Many coconut growers say that coconut export tax is necessary to save the coconut manufacturing industry, but also worry that this will reduce the price, bringing disadvantages.
However, Van says that most of the manufacturing factories in Ben Tre are designed to work with high capacity and will operate in full capacity if they have sufficient inputs.
Besides, many manufacturers, including Ben Tre Coconut Import and Export Joint Stock Company, have planned to make new products like coconut powder milk, charcoal to enhance coconut’s values.
Therefore, coconut price is unlikely to go down.
In early 2010, 12 coconuts were sold for VND40,000. This peaked to VND110,000 per 10 coconuts at the end of the year.
Some manufacturers shifted to exporting raw coconuts for a higher income.
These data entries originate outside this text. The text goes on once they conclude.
(* For $n \in \mathbb{N}_0$ let $\lambda(n)$ denote the number of leading $1$s in the binary expansion of $n$ (so $\lambda(0)=0$, and e.g. $\lambda(123)=\lambda([1111011]_2)=4$). Define $f\colon\mathbb{N}_0\to\{0,1\}$ by $f(n)=1$ if $\lambda(n)$ is prime and $f(n)=0$ otherwise. Then $f$ is asymptotically $2$-automatic but there is no $2$-automatic sequence $\tilde f\colon\mathbb{N}_0\to\{0,1\}$ with $f\simeq\tilde f$.
   Context: $\mathbb{N}_0=\{0,1,2,\dots\}$. A property holds for almost all $n\in\mathbb{N}_0$ if the set of $n$ where it fails has upper density $\limsup_{N\to\infty}|\cdot\cap\{0,\dots,N-1\}|/N$ equal to $0$. Sequences $f,g$ are asymptotically equal, $f\simeq g$, if $f(n)=g(n)$ for almost all $n$. The $k$-kernel of $f$ is $\mathcal{N}_k(f) = \{ n \mapsto f(k^\alpha n + r) : \alpha, r \in \mathbb{N}_0,\ r < k^\alpha\}$; $f$ is $k$-automatic if $\mathcal{N}_k(f)$ is finite, and asymptotically $k$-automatic if $\mathcal{N}_k(f)/{\simeq}$ is finite. *)

theory Defs
  imports "HOL-Analysis.Analysis" "HOL-Library.Liminf_Limsup" "HOL-Computational_Algebra.Primes"
begin

fun bin_digits :: "nat \<Rightarrow> nat list" where
  "bin_digits n = (if n = 0 then [] else bin_digits (n div 2) @ [n mod 2])"

declare bin_digits.simps [simp del]

definition leading_ones :: "nat \<Rightarrow> nat" where
  "leading_ones n = length (takeWhile (\<lambda>d. d = 1) (bin_digits n))"

definition upper_density :: "nat set \<Rightarrow> ereal" where
  "upper_density A = limsup (\<lambda>N. ereal (real (card (A \<inter> {..<N})) / real N))"

definition almost_all :: "(nat \<Rightarrow> bool) \<Rightarrow> bool" where
  "almost_all P \<longleftrightarrow> upper_density {n. \<not> P n} = 0"

definition asymp_eq :: "(nat \<Rightarrow> 'a) \<Rightarrow> (nat \<Rightarrow> 'a) \<Rightarrow> bool" where
  "asymp_eq f g \<longleftrightarrow> almost_all (\<lambda>n. f n = g n)"

definition kernel :: "nat \<Rightarrow> (nat \<Rightarrow> 'a) \<Rightarrow> (nat \<Rightarrow> 'a) set" where
  "kernel k f = {(\<lambda>n. f (k ^ a * n + r)) | a r. r < k ^ a}"

definition automatic :: "nat \<Rightarrow> (nat \<Rightarrow> 'a) \<Rightarrow> bool" where
  "automatic k f \<longleftrightarrow> finite (kernel k f)"

definition asymp_automatic :: "nat \<Rightarrow> (nat \<Rightarrow> 'a) \<Rightarrow> bool" where
  "asymp_automatic k f \<longleftrightarrow>
     finite ((\<lambda>g. {h \<in> kernel k f. asymp_eq g h}) ` kernel k f)"

end

theory Submission
  imports Defs "HOL-Real_Asymp.Real_Asymp"
begin

(* Appending binary digits to n does not change lambda(n) unless n = 2^k - 1 is a repunit, and the
   repunits have density zero; hence all members of the 2-kernel of f agree almost everywhere.

   Conversely, let g be 2-automatic and call u, v equivalent if every kernel sequence of g takes
   the same value at u and v.  Finitely many kernel sequences with finitely many values give finitely
   many classes, and appending a digit respects the equivalence; since appending the digit 1 maps
   2^k - 1 to 2^(k+1) - 1, the classes of the repunits are eventually periodic with some period d.
   For a prime p beyond the preperiod, 2^p - 1 and 2^q - 1 with q = p(1 + d) composite are then
   equivalent.  Appending 0 followed by any a digits to both gives two arguments on which g agrees
   but f does not (lambda = p versus q), so f differs from g on at least 2^a numbers below
   2^(a+1) 2^q, a set of positive upper density. *)

lemma bin_digits_0 [simp]: "bin_digits 0 = []"
  by (simp add: bin_digits.simps)

lemma bin_digits_pos: "n > 0 \<Longrightarrow> bin_digits n = bin_digits (n div 2) @ [n mod 2]"
  by (simp add: bin_digits.simps)

lemma bin_digits_snoc:
  assumes "b < 2" "2 * m + b > 0"
  shows "bin_digits (2 * m + b) = bin_digits m @ [b]"
  using bin_digits_pos[OF assms(2)] assms(1) by simp

lemma bin_digits_shift:
  assumes "n > 0" "r < 2 ^ a"
  shows "\<exists>ds. bin_digits (2 ^ a * n + r) = bin_digits n @ ds"
  using assms(2)
proof (induction a arbitrary: r)
  case 0
  then show ?case by simp
next
  case (Suc a)
  have "r div 2 < 2 ^ a"
    using Suc.prems by (simp add: less_mult_imp_div_less mult.commute)
  then obtain ds where ds: "bin_digits (2 ^ a * n + r div 2) = bin_digits n @ ds"
    using Suc.IH by blast
  have split: "2 ^ Suc a * n + r = 2 * (2 ^ a * n + r div 2) + r mod 2"
    by simp
  have "bin_digits (2 ^ Suc a * n + r) = bin_digits (2 ^ a * n + r div 2) @ [r mod 2]"
    unfolding split by (rule bin_digits_snoc) (use assms(1) in auto)
  then show ?case
    using ds by simp
qed

lemma double_repunit_add_1: "2 * (2 ^ k - 1) + 1 = (2::nat) ^ Suc k - 1"
proof -
  have "(1::nat) \<le> 2 ^ k"
    by simp
  then show ?thesis
    by (simp only: power_Suc)
qed

lemma bin_digits_repunit: "bin_digits (2 ^ k - 1) = replicate k 1"
proof (induction k)
  case 0
  then show ?case by simp
next
  case (Suc k)
  have "bin_digits (2 ^ Suc k - 1) = bin_digits (2 ^ k - 1) @ [1]"
    using bin_digits_snoc[of 1 "2 ^ k - 1"] double_repunit_add_1[of k] by simp
  then show ?case
    using Suc.IH by (simp add: replicate_append_same)
qed

lemma repunit_if_no_zero_digit:
  "0 \<notin> set (bin_digits n) \<Longrightarrow> n = 2 ^ length (bin_digits n) - 1"
proof (induction n rule: bin_digits.induct)
  case (1 n)
  show ?case
  proof (cases "n = 0")
    case False
    then have digits: "bin_digits n = bin_digits (n div 2) @ [n mod 2]"
      by (simp add: bin_digits_pos)
    with "1.prems" have "n mod 2 = 1" "0 \<notin> set (bin_digits (n div 2))"
      by auto
    with "1.IH" False have "n = 2 * (2 ^ length (bin_digits (n div 2)) - 1) + 1"
      by presburger
    then show ?thesis
      using digits double_repunit_add_1 by simp
  qed simp
qed

lemma leading_ones_shift:
  assumes "n \<notin> range (\<lambda>k. 2 ^ k - 1)" "r < 2 ^ a"
  shows "leading_ones (2 ^ a * n + r) = leading_ones n"
proof -
  have zero: "0 \<in> set (bin_digits n)"
    using repunit_if_no_zero_digit assms(1) by blast
  then have "n > 0"
    by (cases "n = 0") auto
  then obtain ds where "bin_digits (2 ^ a * n + r) = bin_digits n @ ds"
    using bin_digits_shift assms(2) by blast
  then show ?thesis
    using zero by (simp add: leading_ones_def takeWhile_append1)
qed

lemma leading_ones_after_repunit:
  assumes "k > 0" "r < 2 ^ a"
  shows "leading_ones (2 ^ a * (2 * (2 ^ k - 1)) + r) = k"
proof -
  have pos: "(2::nat) ^ k - 1 > 0"
    using assms(1) one_less_power[of "2::nat" k] by simp
  obtain ds where "bin_digits (2 ^ a * (2 * (2 ^ k - 1)) + r) = bin_digits (2 * (2 ^ k - 1) + 0) @ ds"
    using bin_digits_shift[of "2 * (2 ^ k - 1)" r a] assms pos by auto
  also have "\<dots> = replicate k 1 @ 0 # ds"
    using bin_digits_snoc[of 0 "2 ^ k - 1"] bin_digits_repunit[of k] pos by simp
  finally have "bin_digits (2 ^ a * (2 * (2 ^ k - 1)) + r) = replicate k 1 @ 0 # ds" .
  moreover have "takeWhile (\<lambda>d. d = 1) (replicate k (1::nat) @ 0 # ds) = replicate k 1"
    by (induction k) auto
  ultimately show ?thesis
    by (simp add: leading_ones_def)
qed

lemma upper_density_nonneg: "0 \<le> upper_density A"
  unfolding upper_density_def by (intro le_Limsup) auto

lemma upper_density_mono:
  assumes "A \<subseteq> B"
  shows "upper_density A \<le> upper_density B"
  unfolding upper_density_def
proof (intro Limsup_mono always_eventually allI)
  fix N
  have "card (A \<inter> {..<N}) \<le> card (B \<inter> {..<N})"
    using assms by (intro card_mono) auto
  then show "ereal (real (card (A \<inter> {..<N})) / real N) \<le> ereal (real (card (B \<inter> {..<N})) / real N)"
    by (simp add: divide_right_mono)
qed

lemma upper_density_eq_0_if_tendsto:
  assumes "(\<lambda>N. real (card (A \<inter> {..<N})) / real N) \<longlonglongrightarrow> 0"
  shows "upper_density A = 0"
proof -
  have "(\<lambda>N. ereal (real (card (A \<inter> {..<N})) / real N)) \<longlonglongrightarrow> ereal 0"
    using assms by (rule tendsto_ereal)
  then show ?thesis
    unfolding upper_density_def zero_ereal_def by (intro lim_imp_Limsup) auto
qed

lemma upper_density_ge_if_subseq:
  fixes N :: "nat \<Rightarrow> nat"
  assumes "strict_mono N" "\<And>a. \<delta> * real (N a) \<le> real (card (A \<inter> {..<N a}))"
  shows "ereal \<delta> \<le> upper_density A"
proof -
  let ?ratio = "\<lambda>N. ereal (real (card (A \<inter> {..<N})) / real N)"
  have "ereal \<delta> \<le> ?ratio (N a)" if "a > 0" for a
  proof -
    have "N a > 0"
      using strict_monoD[OF assms(1) that] by simp
    then show ?thesis
      using assms(2)[of a] by (simp add: pos_le_divide_eq)
  qed
  then have "ereal \<delta> \<le> limsup (?ratio \<circ> N)"
    by (intro le_Limsup) (auto simp: eventually_sequentially intro!: exI[of _ 1])
  also have "\<dots> \<le> limsup ?ratio"
    by (rule limsup_subseq_mono[OF assms(1)])
  finally show ?thesis
    unfolding upper_density_def .
qed

lemma card_repunits_less:
  assumes "N > 0"
  shows "real (card (range (\<lambda>k. 2 ^ k - 1 :: nat) \<inter> {..<N})) \<le> 1 + log 2 N"
proof -
  define M where "M = nat \<lfloor>log 2 N\<rfloor>"
  have "range (\<lambda>k. 2 ^ k - 1) \<inter> {..<N} \<subseteq> (\<lambda>k. 2 ^ k - 1) ` {..M}"
  proof
    fix x assume "x \<in> range (\<lambda>k. 2 ^ k - 1) \<inter> {..<N}"
    then obtain k where k: "x = 2 ^ k - 1" "2 ^ k \<le> N"
      by auto
    from k(2) have "real k \<le> log 2 N"
      by (rule le_log2_of_power)
    then have "k \<le> M"
      unfolding M_def by linarith
    with k show "x \<in> (\<lambda>k. 2 ^ k - 1) ` {..M}"
      by auto
  qed
  then have "card (range (\<lambda>k. 2 ^ k - 1 :: nat) \<inter> {..<N}) \<le> card ((\<lambda>k. 2 ^ k - 1 :: nat) ` {..M})"
    by (intro card_mono) auto
  also have "\<dots> \<le> card {..M}"
    by (rule card_image_le) simp
  moreover have "real M \<le> log 2 N"
    unfolding M_def using assms by simp
  ultimately show ?thesis
    by simp
qed

lemma upper_density_repunits: "upper_density (range (\<lambda>k. 2 ^ k - 1 :: nat)) = 0"
proof (rule upper_density_eq_0_if_tendsto, rule tendsto_sandwich[OF _ _ tendsto_const])
  let ?R = "range (\<lambda>k. 2 ^ k - 1 :: nat)"
  show "\<forall>\<^sub>F N in sequentially. 0 \<le> real (card (?R \<inter> {..<N})) / real N"
    by simp
  show "\<forall>\<^sub>F N in sequentially. real (card (?R \<inter> {..<N})) / real N \<le> (1 + log 2 N) / N"
    using card_repunits_less
    by (auto simp: eventually_sequentially divide_right_mono intro!: exI[of _ 1])
  show "(\<lambda>N. (1 + log 2 (real N)) / real N) \<longlonglongrightarrow> 0"
    by real_asymp
qed

lemma asymp_eqI:
  assumes "upper_density Z = 0" "\<And>n. n \<notin> Z \<Longrightarrow> f n = g n"
  shows "asymp_eq f g"
proof -
  have "upper_density {n. f n \<noteq> g n} \<le> upper_density Z"
    using assms(2) by (intro upper_density_mono) auto
  then show ?thesis
    unfolding asymp_eq_def almost_all_def
    using assms(1) upper_density_nonneg by (simp add: order_antisym)
qed

lemma card_hits_in_two_blocks:
  fixes c u v :: nat
  assumes "u < v" "\<And>r. r < c \<Longrightarrow> c * u + r \<in> E \<or> c * v + r \<in> E"
  shows "c \<le> card (E \<inter> {..<c * (v + 1)})"
proof -
  define hit where "hit r = (if c * u + r \<in> E then c * u + r else c * v + r)" for r
  have gap: "c * u + c \<le> c * v"
    using mult_le_mono2[of "Suc u" v c] assms(1) by simp
  have "inj_on hit {..<c}"
    using gap by (intro inj_onI) (auto simp: hit_def split: if_splits)
  moreover have "hit ` {..<c} \<subseteq> E \<inter> {..<c * (v + 1)}"
    using assms gap by (auto simp: hit_def)
  ultimately have "card {..<c} \<le> card (E \<inter> {..<c * (v + 1)})"
    by (intro card_inj_on_le) auto
  then show ?thesis
    by simp
qed

lemma asymp_automatic_if_kernel_asymp_eq:
  assumes "\<And>h h'. h \<in> kernel k f \<Longrightarrow> h' \<in> kernel k f \<Longrightarrow> asymp_eq h h'"
  shows "asymp_automatic k f"
proof -
  have "(\<lambda>h. {h' \<in> kernel k f. asymp_eq h h'}) ` kernel k f \<subseteq> {kernel k f}"
    using assms by auto
  then show ?thesis
    unfolding asymp_automatic_def by (rule finite_subset) simp
qed

lemma asymp_automatic_leading_ones: "asymp_automatic 2 (\<lambda>n. F (leading_ones n))"
proof (rule asymp_automatic_if_kernel_asymp_eq)
  fix h h' assume "h \<in> kernel 2 (\<lambda>n. F (leading_ones n))" "h' \<in> kernel 2 (\<lambda>n. F (leading_ones n))"
  then obtain a r b s where
    "h = (\<lambda>n. F (leading_ones (2 ^ a * n + r)))" "r < 2 ^ a"
    "h' = (\<lambda>n. F (leading_ones (2 ^ b * n + s)))" "s < 2 ^ b"
    unfolding kernel_def by blast
  then show "asymp_eq h h'"
    by (intro asymp_eqI[OF upper_density_repunits]) (simp add: leading_ones_shift)
qed

(* Equivalence of u and v as prefixes (most significant digits first) for an automaton reading g. *)
definition kernel_equiv :: "nat \<Rightarrow> (nat \<Rightarrow> 'a) \<Rightarrow> nat \<Rightarrow> nat \<Rightarrow> bool" where
  "kernel_equiv k g u v \<longleftrightarrow> (\<forall>h \<in> kernel k g. h u = h v)"

lemma kernel_memI: "r < k ^ a \<Longrightarrow> (\<lambda>n. g (k ^ a * n + r)) \<in> kernel k g"
  unfolding kernel_def by blast

lemma kernel_equivD:
  "kernel_equiv k g u v \<Longrightarrow> r < k ^ a \<Longrightarrow> g (k ^ a * u + r) = g (k ^ a * v + r)"
  using kernel_memI unfolding kernel_equiv_def by fastforce

lemma kernel_equiv_refl: "kernel_equiv k g u u"
  by (simp add: kernel_equiv_def)

lemma kernel_equiv_sym: "kernel_equiv k g u v \<Longrightarrow> kernel_equiv k g v u"
  unfolding kernel_equiv_def by auto

lemma kernel_equiv_trans:
  "kernel_equiv k g u v \<Longrightarrow> kernel_equiv k g v w \<Longrightarrow> kernel_equiv k g u w"
  unfolding kernel_equiv_def by auto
Japanese Uniqlo to hire Vietnamese employees
Japanese clothing retail chain Uniqlo will employ a number of Vietnamese graduates to work overseas as store manager/area manager and production manager.
It has launched five workshops in Hanoi and Ho Chi Minh City to seek potential Vietnamese candidates who will contribute to the company’s global expansion project.
It is a part of the New Graduate Global Hiring program -- the expansion of its new graduate hiring overseas -- aiming at new graduates who have the potential of becoming its next generation of managers for the globalization of the Uniqlo brand.
Asked about the number of expected Vietnamese employees to be hired, the representatives said the more the better since a great quantity of human resources is in need in its global expansion scheme.
Vietnamese graduates of any majors from big universities in Hanoi and HCMC or those are competent in business-level English (Japanese language skill is not required) with business acumen / business management knowledge or study background will have a chance to apply for the jobs.
Recommended universities include Hanoi University of Technology, Vietnam National University Hanoi, Foreign Trade University Hanoi, University of Social Sciences and Humanities HCMC or HCMC University of Technology.
Opportunities are also opened up to all university graduates meeting the requirements, and to those who have experience in the field, said Uniqlo’s representatives at the final company briefing session organized at HCMC University of Technology on Sunday afternoon.
Store managers are expected to increase sales through designing the layout of store merchandise, maintaining inventories, managing store staffs and ensuring customer satisfaction in stores in all over the globe or in Uniqlo headquarters in Japan.
Production managers at manufacturing site or in production headquarters in Shanghai are expected to perform production process management, quality control, maintain relationship with material manufacturers and so on.
The applicants who have attended the workshop can log on for Uniqlo’s online CV entry, write an essay and join an online skill test. Those who are chosen will take part in an interview session in Vietnam which is expected on May 26-29.
The finalists will participate in the final interview in Japan and be offered an internship at Uniqlo there by June this year, while production manager candidates will have a production internship in Shanghai, China one month earlier.
They will start as a store employee during a minimum of 6 months to a maximum 2 years in Japan. During this period, the first goal of each candidate is to attain a UNIQLO store manager certification in Japan.
The production manager trainee would continuously need to work at production related departments in HQ and manufacturing site before promotion to production manager.
With the target to be the world leading clothing manufacturer- retailer by 2020 with annual sales of 500 million yen ($60 billion), Uniqlo is speeding up opening more stores in European region and Asia.
It has a total of 953 stores, including 809 stores in Japan, 144 stores in foreign countries like the UK, France, Russia, South Korea, China, Singapore, Malaysia and the US.
The brand, the world No.1 retail chain with revenues of US$8.15 billion as of the latest fiscal year ended on August 2010, enjoyed an annual growth of about 19 percent last year.